✔ 最佳答案
a)
At equilibrium:
pH = pKa + log([A^-]/[HA])
6 = 6 + log([A^-]/[HA])
Hence, [A^-] = [HA]
Let V cm³ be the volume of 1 M HA used.
Then volume of 1M NaOH used = (100 - V) cm³
As Ka is small and the common ion effect, the ionization of HA can beneglected.

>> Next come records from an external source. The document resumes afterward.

(* Let $\mathcal{H}$ be a hedgehog with support function $h(s)=a_0+\sum_{n\geqslant1}(a_n\cos(ns)+b_n\sin(ns))$ and average width $\overline{w}$, and let $k>2$ be an integer. Then the $k$th Order Preserving Set $\mathcal{P}_k$ of $\mathcal{H}$ is a hedgehog with support function \[ h_k(s)=\frac1k\sum_{j=0}^{k-1}h\Big(s+\frac{2\pi j}{k}\Big)-\frac12\overline{w}, \] i.e. $\mathcal{P}_k(s)=h_k(s)u(s)+h_k'(s)u'(s)$ for all $s$, and \[ h_k(s)=\sum_{k\mid n,\ n>1}\big(a_n\cos(ns)+b_n\sin(ns)\big). \]
   Context: Write $u(s)=(\cos s,\sin s)$ and $u'(s)=(-\sin s,\cos s)$. A hedgehog is a closed planar curve determined by a smooth $2\pi$-periodic function $h$ (its support function; equivalently, the difference of support functions of two convex bodies) via $\mathcal{H}(s)=h(s)u(s)+h'(s)u'(s)$, $s\in[0,2\pi]$. Its average width is $\overline{w}=\frac1\pi\int_0^{2\pi}h(s)\,ds$. For $(x,y)\in\mathbb{R}^2$ let $(x,y)^\perp=(-y,x)$ and set $\mathcal{H}^\perp(s)=\mathcal{H}(s)^\perp$. The $k$th Order Preserving Set of $\mathcal{H}$ is the curve $\mathcal{P}_k(s)=\frac{1}{k}\sum_{j=1}^{k}\Big(\cos\big(\tfrac{2\pi j}{k}\big)\,\mathcal{H}\big(s+\tfrac{2\pi j}{k}\big)-\sin\big(\tfrac{2\pi j}{k}\big)\,\mathcal{H}^{\perp}\big(s+\tfrac{2\pi j}{k}\big)\Big)-\frac{1}{2}\overline{w}\,u(s)$, $s\in[0,2\pi]$. (The points $\mathcal{H}(s+2\pi j/k)$, $j=1,\dots,k$, form an isogonal family: their normals are spaced by angles $2\pi/k$.) *)

theory Defs
  imports "HOL-Analysis.Analysis"
begin

definition uvec :: "real \<Rightarrow> real \<times> real" where
  "uvec s = (cos s, sin s)"

definition uvec' :: "real \<Rightarrow> real \<times> real" where
  "uvec' s = (- sin s, cos s)"

definition perp :: "real \<times> real \<Rightarrow> real \<times> real" where
  "perp p = (- snd p, fst p)"

definition smooth_fun :: "(real \<Rightarrow> real) \<Rightarrow> bool" where
  "smooth_fun h \<longleftrightarrow> (\<forall>n x. ((deriv ^^ n) h) differentiable (at x))"

definition periodic_2pi :: "(real \<Rightarrow> real) \<Rightarrow> bool" where
  "periodic_2pi h \<longleftrightarrow> (\<forall>s. h (s + 2 * pi) = h s)"

definition hedgehog :: "(real \<Rightarrow> real) \<Rightarrow> real \<Rightarrow> real \<times> real" where
  "hedgehog h s = h s *\<^sub>R uvec s + deriv h s *\<^sub>R uvec' s"

definition avg_width :: "(real \<Rightarrow> real) \<Rightarrow> real" where
  "avg_width h = (1 / pi) * integral {0..2 * pi} h"

definition ops :: "(real \<Rightarrow> real) \<Rightarrow> nat \<Rightarrow> real \<Rightarrow> real \<times> real" where
  "ops h k s =
     (1 / real k) *\<^sub>R (\<Sum>j = 1..k.
        cos (2 * pi * real j / real k) *\<^sub>R hedgehog h (s + 2 * pi * real j / real k)
      - sin (2 * pi * real j / real k) *\<^sub>R perp (hedgehog h (s + 2 * pi * real j / real k)))
     - (1 / 2 * avg_width h) *\<^sub>R uvec s"

text \<open>Fourier coefficients: h(s) = a_0 + sum_{n>=1} (a_n cos(ns) + b_n sin(ns)).\<close>
definition fourier_a :: "(real \<Rightarrow> real) \<Rightarrow> nat \<Rightarrow> real" where
  "fourier_a h n =
     (if n = 0 then (1 / (2 * pi)) * integral {0..2 * pi} h
      else (1 / pi) * integral {0..2 * pi} (\<lambda>s. h s * cos (real n * s)))"

definition fourier_b :: "(real \<Rightarrow> real) \<Rightarrow> nat \<Rightarrow> real" where
  "fourier_b h n = (1 / pi) * integral {0..2 * pi} (\<lambda>s. h s * sin (real n * s))"

end

theory Submission
  imports Defs
begin

(* Rotation by -2 pi j/k carries the moving frame (u, u') at s + 2 pi j/k to the frame at s, so the
   isogonal average defining P_k is the hedgehog of the averaged support function h_k.

   For the Fourier expansion, integrating by parts twice bounds the coefficients of h by O(1/n^2),
   so its Fourier series converges uniformly.  The sum has the same Fourier coefficients as h, and
   a continuous periodic g orthogonal to every cos(nt), sin(nt) vanishes: it is then orthogonal to
   p(cos t, sin t) for every polynomial p, and Stone-Weierstrass on the circle makes
   int g^2 = int g (g - p) arbitrarily small.  Averaging cos(n(s + 2 pi j/k)) over j is a sum of
   k-th roots of unity, which keeps exactly the frequencies n divisible by k; the constant term
   a_0 = w/2 cancels, and n = 1 drops out since k > 2. *)

section \<open>Orthogonality of the trigonometric system\<close>

lemma has_integral_derivative_real:
  fixes f f' :: "real \<Rightarrow> real"
  assumes "\<And>x. (f has_real_derivative f' x) (at x)" "a \<le> b"
  shows "(f' has_integral (f b - f a)) {a..b}"
  using assms
  by (intro fundamental_theorem_of_calculus)
     (auto simp: has_real_derivative_iff_has_vector_derivative[symmetric] intro: has_field_derivative_at_within)

lemma continuous_on_UNIV_integrable:
  fixes f :: "real \<Rightarrow> real"
  shows "continuous_on UNIV f \<Longrightarrow> f integrable_on {a..b}"
  by (rule integrable_continuous_interval) (rule continuous_on_subset, auto)

lemma sin_of_int_mult_2pi [simp]: "sin (of_int j * (2*pi)) = 0"
  using sin_integer_2pi[of "of_int j"] by (simp add: mult.commute)

lemma cos_of_int_mult_2pi [simp]: "cos (of_int j * (2*pi)) = 1"
  using cos_integer_2pi[of "of_int j"] by (simp add: mult.commute)

lemma has_integral_cos_int_mult:
  "((\<lambda>t. cos (of_int j * t)) has_integral (if j = 0 then 2*pi else 0)) {0..2*pi}"
proof (cases "j = 0")
  case False
  have "((\<lambda>t. cos (of_int j * t)) has_integral
          (sin (of_int j * (2*pi)) / of_int j - sin (of_int j * 0) / of_int j)) {0..2*pi}"
    using False by (intro has_integral_derivative_real) (auto intro!: derivative_eq_intros)
  with False show ?thesis by simp
qed (use has_integral_const_real[of "1::real" 0 "2*pi"] in simp)

lemma has_integral_sin_int_mult:
  "((\<lambda>t. sin (of_int j * t)) has_integral 0) {0..2*pi}"
proof (cases "j = 0")
  case False
  have "((\<lambda>t. sin (of_int j * t)) has_integral
          (- cos (of_int j * (2*pi)) / of_int j - - cos (of_int j * 0) / of_int j)) {0..2*pi}"
    using False by (intro has_integral_derivative_real) (auto intro!: derivative_eq_intros)
  then show ?thesis by simp
qed simp

lemma has_integral_cos_cos:
  "((\<lambda>t. cos (real n * t) * cos (real m * t)) has_integral
     (if n = m then if n = 0 then 2*pi else pi else 0)) {0..2*pi}"
proof -
  have "((\<lambda>t. (cos (of_int (int n - int m) * t) + cos (of_int (int n + int m) * t)) / 2) has_integral
     ((if int n - int m = 0 then 2*pi else 0) + (if int n + int m = 0 then 2*pi else 0)) / 2) {0..2*pi}"
    by (intro has_integral_divide has_integral_add has_integral_cos_int_mult)
  then show ?thesis
    by (rule has_integral_eq_rhs[OF has_integral_cong[THEN iffD1], rotated])
       (auto simp: left_diff_distrib distrib_right cos_diff cos_add)
qed

lemma has_integral_sin_cos:
  "((\<lambda>t. sin (real n * t) * cos (real m * t)) has_integral 0) {0..2*pi}"
proof -
  have "((\<lambda>t. (sin (of_int (int n - int m) * t) + sin (of_int (int n + int m) * t)) / 2) has_integral
     (0 + 0) / 2) {0..2*pi}"
    by (intro has_integral_divide has_integral_add has_integral_sin_int_mult)
  then show ?thesis
    by (rule has_integral_eq_rhs[OF has_integral_cong[THEN iffD1], rotated])
       (auto simp: left_diff_distrib distrib_right sin_diff sin_add)
qed

lemma has_integral_sin_sin:
  "((\<lambda>t. sin (real n * t) * sin (real m * t)) has_integral
     (if n = m \<and> n \<noteq> 0 then pi else 0)) {0..2*pi}"
proof -
  have "((\<lambda>t. (cos (of_int (int n - int m) * t) - cos (of_int (int n + int m) * t)) / 2) has_integral
     ((if int n - int m = 0 then 2*pi else 0) - (if int n + int m = 0 then 2*pi else 0)) / 2) {0..2*pi}"
    by (intro has_integral_divide has_integral_diff has_integral_cos_int_mult)
  then show ?thesis
    by (rule has_integral_eq_rhs[OF has_integral_cong[THEN iffD1], rotated])
       (auto simp: left_diff_distrib distrib_right cos_diff cos_add)
qed

definition fourier_term :: "(real \<Rightarrow> real) \<Rightarrow> nat \<Rightarrow> real \<Rightarrow> real" where
  "fourier_term h n t = fourier_a h n * cos (real n * t) + fourier_b h n * sin (real n * t)"

lemma has_integral_fourier_term_cos:
  "((\<lambda>t. fourier_term h i t * cos (real m * t)) has_integral
     (if i = m then integral {0..2*pi} (\<lambda>t. h t * cos (real m * t)) else 0)) {0..2*pi}"
proof -
  have "((\<lambda>t. fourier_a h i * (cos (real i * t) * cos (real m * t))
              + fourier_b h i * (sin (real i * t) * cos (real m * t))) has_integral
         fourier_a h i * (if i = m then if i = 0 then 2*pi else pi else 0) + fourier_b h i * 0) {0..2*pi}"
    by (intro has_integral_add has_integral_mult_right has_integral_cos_cos has_integral_sin_cos)
  then show ?thesis
    unfolding fourier_term_def
    by (rule has_integral_eq_rhs[OF has_integral_cong[THEN iffD1], rotated])
       (auto simp: fourier_a_def algebra_simps)
qed

lemma has_integral_fourier_term_sin:
  "((\<lambda>t. fourier_term h i t * sin (real m * t)) has_integral
     (if i = m then integral {0..2*pi} (\<lambda>t. h t * sin (real m * t)) else 0)) {0..2*pi}"
proof -
  have "((\<lambda>t. fourier_a h i * (sin (real m * t) * cos (real i * t))
              + fourier_b h i * (sin (real i * t) * sin (real m * t))) has_integral
         fourier_a h i * 0 + fourier_b h i * (if i = m \<and> i \<noteq> 0 then pi else 0)) {0..2*pi}"
    by (intro has_integral_add has_integral_mult_right has_integral_sin_sin has_integral_sin_cos)
  then show ?thesis
    unfolding fourier_term_def
    by (rule has_integral_eq_rhs[OF has_integral_cong[THEN iffD1], rotated])
       (auto simp: fourier_b_def algebra_simps)
qed

lemma periodic_2pi_fourier_term: "periodic_2pi (fourier_term h n)"
  using sin_of_int_mult_2pi[of "int n"] cos_of_int_mult_2pi[of "int n"]
  by (simp add: periodic_2pi_def fourier_term_def distrib_left cos_add sin_add)

lemma continuous_on_fourier_term: "continuous_on A (fourier_term h n)"
  unfolding fourier_term_def by (intro continuous_intros)

section \<open>Periodic functions\<close>

lemma periodic_2pi_endpoints:
  assumes "periodic_2pi g"
  shows "g (2*pi) = g 0"
  using assms[unfolded periodic_2pi_def, THEN spec, of 0] by simp

lemma periodic_2pi_shift_int:
  assumes "periodic_2pi g"
  shows "g (s + 2*pi * of_int m) = g s"
proof -
  have shift_nat: "g (s + 2*pi * real n) = g s" for s n
  proof (induction n)
    case (Suc n)
    have "g (s + 2*pi * real (Suc n)) = g ((s + 2*pi * real n) + 2*pi)"
      by (simp add: algebra_simps)
    with assms Suc show ?case by (simp add: periodic_2pi_def)
  qed simp
  show ?thesis
  proof (cases "m \<ge> 0")
    case True
    then show ?thesis using shift_nat[of s "nat m"] by simp
  next
    case False
    then have "g s = g ((s + 2*pi * of_int m) + 2*pi * real (nat (- m)))" by simp
    then show ?thesis using shift_nat by simp
  qed
qed

lemma periodic_2pi_eqI:
  assumes "periodic_2pi f" "periodic_2pi g" "\<And>t. t \<in> {0..2*pi} \<Longrightarrow> f t = g t"
  shows "f t = g t"
proof -
  define m where "m = \<lfloor>t / (2*pi)\<rfloor>"
  have "of_int m \<le> t / (2*pi)" "t / (2*pi) < of_int m + 1"
    unfolding m_def by linarith+
  then have "t - 2*pi * of_int m \<in> {0..2*pi}"
    by (simp add: field_simps)
  then have "f (t - 2*pi * of_int m) = g (t - 2*pi * of_int m)"
    using assms(3) by blast
  then show ?thesis
    using periodic_2pi_shift_int[OF assms(1), of "t - 2*pi * of_int m" m]
          periodic_2pi_shift_int[OF assms(2), of "t - 2*pi * of_int m" m]
    by simp
qed

lemma periodic_2pi_deriv:
  assumes "periodic_2pi f"
  shows "periodic_2pi (deriv f)"
proof -
  have "(\<lambda>x. f (x + 2*pi)) = f" using assms by (simp add: periodic_2pi_def)
  then show ?thesis
    unfolding periodic_2pi_def deriv_def DERIV_shift by simp
qed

HA(aq) + OH^-(aq) → A^-(aq) + H2O(l)
OH^- is completed reacted.
No. of moles of OH^- reacted = 1 x (100 - V)/1000 = (0.1 - 0.001V) mol
No. of moles of A^- formed = (0.1 - 0.001V) mol
No. of moles of HA left = 1 x (V/1000) - 1 x [(100 - V)/1000] = (0.002V - 0.1)mol
At equilibrium:
[A^-] = [HA]
(0.1 - 0.001V) / (100/1000) = (0.002V - 0.1) / (100/1000)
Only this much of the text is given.